Igor Fedotov <ifedotov@xxxxxxx> · Tue, 15 Dec 2020 14:44:44 +0300

Hi Wout,

On 12/15/2020 1:18 PM, Wout van Heeswijk wrote:
Hi Igor,

Are you referring to the bug reports:

- https://tracker.ceph.com/issues/48276 | OSD Crash with ceph_assert(is_valid_io(off, len))
- https://tracker.ceph.com/issues/46800 | Octopus OSD died and fails to start with FAILED ceph_assert(is_valid_io(off, len))

Not exactly. The cause for the above tickets is more or less clear - 
invalid target physical extent attached to write I/O. Most probably the 
target physical offset is out of bounds. The exact bug is still unclear 
though. But given this happens for recent upgrades/deployments only it 
rather relates to new hybrid allocator which became a default recently.

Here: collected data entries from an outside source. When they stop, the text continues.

(* Let $n,k,d$ be integers with $1\le k\le d\le n-2$, set $s=d+1-k$, let $F$ be a finite field with $|F|\ge sn$, let $\{\lambda_{i,j}: i\in[n],\ j\in\{0,\dots,s-1\}\}$ be $sn$ distinct elements of $F$, and let $\mathcal{C}$ be the set of all $C=(C_1,\dots,C_n)$, $C_i=(c_{i,b,a}: b\in\{1,\dots,d+2-k\},\ a\in\{0,\dots,s^n-1\})$, satisfying $\sum_{i=1}^n \lambda_{i,a_i}^t c_{i,b,a}=0$ for all $t\in\{0,\dots,n-k-1\}$, $b\in\{1,\dots,d+2-k\}$, $a\in\{0,\dots,s^n-1\}$. Let $\mathcal{R}\subseteq[n]\setminus\{1,2\}$ with $|\mathcal{R}|=d$. Then for every $C\in\mathcal{C}$: (1) the values $\{c_{1,b,a}: a\in\{0,\dots,s^n-1\},\ b\in\{1,\dots,s\}\}\cup\{\sum_{j=0}^{s-2}c_{2,j+1,a(1,a_1\oplus j)}+c_{2,s,a(1,a_1\oplus(s-1))}: a\in\{0,\dots,s^n-1\}\}$ are uniquely determined by the values $\{\sum_{j=0}^{s-2}c_{i,j+1,a(1,a_1\oplus j)}+c_{i,s,a(1,a_1\oplus(s-1))}: a\in\{0,\dots,s^n-1\},\ i\in\mathcal{R}\}$; (2) the values $\{c_{2,b,a}: a\in\{0,\dots,s^n-1\},\ b\in\{1,\dots,s-1,s+1\}\}\cup\{\sum_{j=0}^{s-2}c_{1,j+1,a(2,a_2\oplus j)}+c_{1,s+1,a(2,a_2\oplus(s-1))}: a\in\{0,\dots,s^n-1\}\}$ are uniquely determined by the values $\{\sum_{j=0}^{s-2}c_{i,j+1,a(2,a_2\oplus j)}+c_{i,s+1,a(2,a_2\oplus(s-1))}: a\in\{0,\dots,s^n-1\},\ i\in\mathcal{R}\}$. (Here "uniquely determined" means: any two codewords of $\mathcal{C}$ that agree on the latter values agree on the former values.)
   Context: $[n]=\{1,\dots,n\}$. For $a\in\{0,\dots,s^n-1\}$, $(a_1,\dots,a_n)\in\{0,\dots,s-1\}^n$ denotes its $n$-digit $s$-ary expansion, and $a$ is identified with this tuple. For $i\in[n]$, $u\in\{0,\dots,s-1\}$, $a(i,u)$ denotes the element obtained from $a$ by replacing the $i$th digit $a_i$ by $u$; $\oplus$ denotes addition modulo $s$. Empty sums (when $s=1$) are zero. *)

theory Defs
  imports Main
begin

text \<open>The i-th digit (i in 1..n) of the n-digit s-ary expansion (a_1,...,a_n) of a,
  with a = sum_i a_i * s^(n-i) (a_1 most significant).\<close>
definition digit :: "nat \<Rightarrow> nat \<Rightarrow> nat \<Rightarrow> nat \<Rightarrow> nat" where
  "digit s n a i = (a div s ^ (n - i)) mod s"

definition repl :: "nat \<Rightarrow> nat \<Rightarrow> nat \<Rightarrow> nat \<Rightarrow> nat \<Rightarrow> nat" where
  "repl s n a i u = a - digit s n a i * s ^ (n - i) + u * s ^ (n - i)"

definition code :: "nat \<Rightarrow> nat \<Rightarrow> nat \<Rightarrow> (nat \<Rightarrow> nat \<Rightarrow> 'a::field)
    \<Rightarrow> (nat \<Rightarrow> nat \<Rightarrow> nat \<Rightarrow> 'a) set" where
  "code n k d lam = {c. \<forall>t < n - k. \<forall>b \<in> {1..d + 2 - k}. \<forall>a < (d + 1 - k) ^ n.
      (\<Sum>i = 1..n. lam i (digit (d + 1 - k) n a i) ^ t * c i b a) = 0}"

definition rsum :: "nat \<Rightarrow> nat \<Rightarrow> (nat \<Rightarrow> nat \<Rightarrow> nat \<Rightarrow> 'a::field) \<Rightarrow> nat \<Rightarrow> nat \<Rightarrow> nat \<Rightarrow> nat \<Rightarrow> 'a" where
  "rsum s n c l bl i a =
     (\<Sum>j < s - 1. c i (j + 1) (repl s n a l ((digit s n a l + j) mod s)))
     + c i bl (repl s n a l ((digit s n a l + (s - 1)) mod s))"

end

theory Submission
  imports Defs "HOL-Computational_Algebra.Polynomial" "HOL-Number_Theory.Cong"
begin

text \<open>
  Fix the failed position l and an address a, and let a^(j) = a(l, a_l \<oplus> j) for j < s. The
  addresses a^(j) agree with a off position l, so adding the parity checks of the s codewords
  indexed by (b_j, a^(j)), where b_j is the column of the j-th term of the repair sum, gives n - k
  power-sum equations whose unknowns are the repair sums at a of the n - 1 positions i \<noteq> l (at the
  nodes lam i a_i) and the s entries c_{l,b_j,a^(j)} (at the nodes lam l u, u < s). These n - 1 + s
  nodes are distinct, so by Vandermonde the d repair sums of the helper set R determine the
  remaining n - 1 + s - d = n - k unknowns. Applied to the difference of two codewords, and using
  that every address is some a^(j), this yields both claims.
\<close>

lemma power_sums_eq_zero_imp_zero:
  fixes x v :: "'b \<Rightarrow> 'a::field"
  assumes fin: "finite S" and inj: "inj_on x S" and card: "card S \<le> m"
    and sums: "\<forall>t<m. (\<Sum>k\<in>S. x k ^ t * v k) = 0" and i: "i \<in> S"
  shows "v i = 0"
proof -
  \<comment> \<open>p has degree < m and vanishes at every node except x i.\<close>
  define p where "p = (\<Prod>k\<in>S - {i}. [:- x k, 1:])"
  have "degree p \<le> sum (degree \<circ> (\<lambda>k. [:- x k, 1:])) (S - {i})"
    unfolding p_def using fin by (intro degree_prod_sum_le) auto
  also have "\<dots> < m"
    using card card_gt_0_iff[of S] i fin by auto
  finally have deg: "degree p < m" .
  have "(\<Sum>k\<in>S. poly p (x k) * v k) = (\<Sum>k\<in>S. \<Sum>t\<le>degree p. coeff p t * (x k ^ t * v k))"
    by (simp add: poly_altdef sum_distrib_right mult.assoc)
  also have "\<dots> = (\<Sum>t\<le>degree p. coeff p t * (\<Sum>k\<in>S. x k ^ t * v k))"
    by (subst sum.swap) (simp add: sum_distrib_left)
  also have "\<dots> = 0"
    using sums deg by simp
  finally have "(\<Sum>k\<in>S. poly p (x k) * v k) = 0" .
  moreover have "poly p (x k) = 0" if "k \<in> S - {i}" for k
    unfolding p_def poly_prod using that fin by (intro prod_zero) auto
  ultimately have "poly p (x i) * v i = 0"
    using fin i by (simp add: sum.remove)
  moreover have "poly p (x i) \<noteq> 0"
    using fin inj i by (auto simp: p_def poly_prod prod_zero_iff inj_on_def)
  ultimately show ?thesis
    by simp
qed

lemma power_sums_two_blocks_eq_zero_imp_zero:
  fixes x v :: "'b \<Rightarrow> 'a::field" and y w :: "'c \<Rightarrow> 'a"
  assumes fin: "finite A" "finite B" and inj: "inj_on x A" "inj_on y B"
    and disj: "\<forall>i\<in>A. \<forall>j\<in>B. x i \<noteq> y j"
    and Z: "Z \<subseteq> A" "\<forall>i\<in>Z. v i = 0" and card: "card A + card B \<le> m + card Z"
    and sums: "\<forall>t<m. (\<Sum>i\<in>A. x i ^ t * v i) + (\<Sum>j\<in>B. y j ^ t * w j) = 0"
  shows "(\<forall>i\<in>A. v i = 0) \<and> (\<forall>j\<in>B. w j = 0)"
proof -
  define S where "S = Inl ` (A - Z) \<union> Inr ` B"
  have fin_S: "finite S"
    using fin by (simp add: S_def)
  have sum_S: "(\<Sum>k\<in>S. case_sum x y k ^ t * case_sum v w k)
      = (\<Sum>i\<in>A - Z. x i ^ t * v i) + (\<Sum>j\<in>B. y j ^ t * w j)" for t
    unfolding S_def using fin by (subst sum.union_disjoint) (auto simp: sum.reindex)
  have "(\<Sum>i\<in>A. x i ^ t * v i) = (\<Sum>i\<in>A - Z. x i ^ t * v i)" for t
    using fin Z by (intro sum.mono_neutral_right) auto
  then have sums_S: "\<forall>t<m. (\<Sum>k\<in>S. case_sum x y k ^ t * case_sum v w k) = 0"
    using sums by (simp add: sum_S)
  have "card S = card (A - Z) + card B"
    unfolding S_def using fin by (subst card_Un_disjoint) (auto simp: card_image)
  then have card_S: "card S \<le> m"
    using card card_mono[OF fin(1) Z(1)] Z fin by (simp add: card_Diff_subset finite_subset)
  have inj_S: "inj_on (case_sum x y) S"
  proof (rule inj_onI)
    fix k k' assume "k \<in> S" "k' \<in> S" "case_sum x y k = case_sum x y k'"
    then show "k = k'"
      using inj disj unfolding S_def by (cases k; cases k') (auto simp: inj_on_eq_iff dest: sym)
  qed
  have zero_S: "case_sum v w k = 0" if "k \<in> S" for k
    using power_sums_eq_zero_imp_zero[OF fin_S inj_S card_S sums_S that] .
  have "v i = 0" if "i \<in> A" for i
  proof (cases "i \<in> Z")
    case False
    then show ?thesis
      using zero_S[of "Inl i"] that by (simp add: S_def)
  qed (use Z in blast)
  moreover have "w j = 0" if "j \<in> B" for j
    using zero_S[of "Inr j"] that by (simp add: S_def)
  ultimately show ?thesis
    by blast
qed

lemma digit_less: "0 < s \<Longrightarrow> digit s n a i < s"
  unfolding digit_def by simp

lemma div_mod_mult_decomp:
  fixes a p s :: nat
  shows "a = a div (p * s) * (p * s) + a div p mod s * p + a mod p"
  using div_mult_mod_eq[of a "p * s"] mod_mult2_eq[of a p s] by (simp add: ac_simps)

lemma div_mod_of_mixed_radix:
  fixes p s :: nat
  assumes "u < s" and "r < p"
  shows "(Q * (p * s) + u * p + r) div (p * s) = Q"
    and "(Q * (p * s) + u * p + r) mod p = r"
    and "(Q * (p * s) + u * p + r) div p mod s = u"
proof -
  have eq: "Q * (p * s) + u * p + r = (Q * s + u) * p + r"
    by (simp add: algebra_simps)
  have "(Q * (p * s) + u * p + r) div p = Q * s + u"
    unfolding eq using assms by simp
  then show "(Q * (p * s) + u * p + r) div (p * s) = Q"
    and "(Q * (p * s) + u * p + r) div p mod s = u"
    using assms by (simp_all add: div_mult2_eq)
  show "(Q * (p * s) + u * p + r) mod p = r"
    unfolding eq using assms by simp
qed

What I meant originally are issues like that:

https://tracker.ceph.com/issues/48443

IIRC there were some similar reports in this mailing list.

Additionally we've had some suspicious reports from our customers saying 
upgrade and/or non-graceful shutdown might result in a broken DB.

But this is pretty unsorted so far will appreciate if users share more 
cases...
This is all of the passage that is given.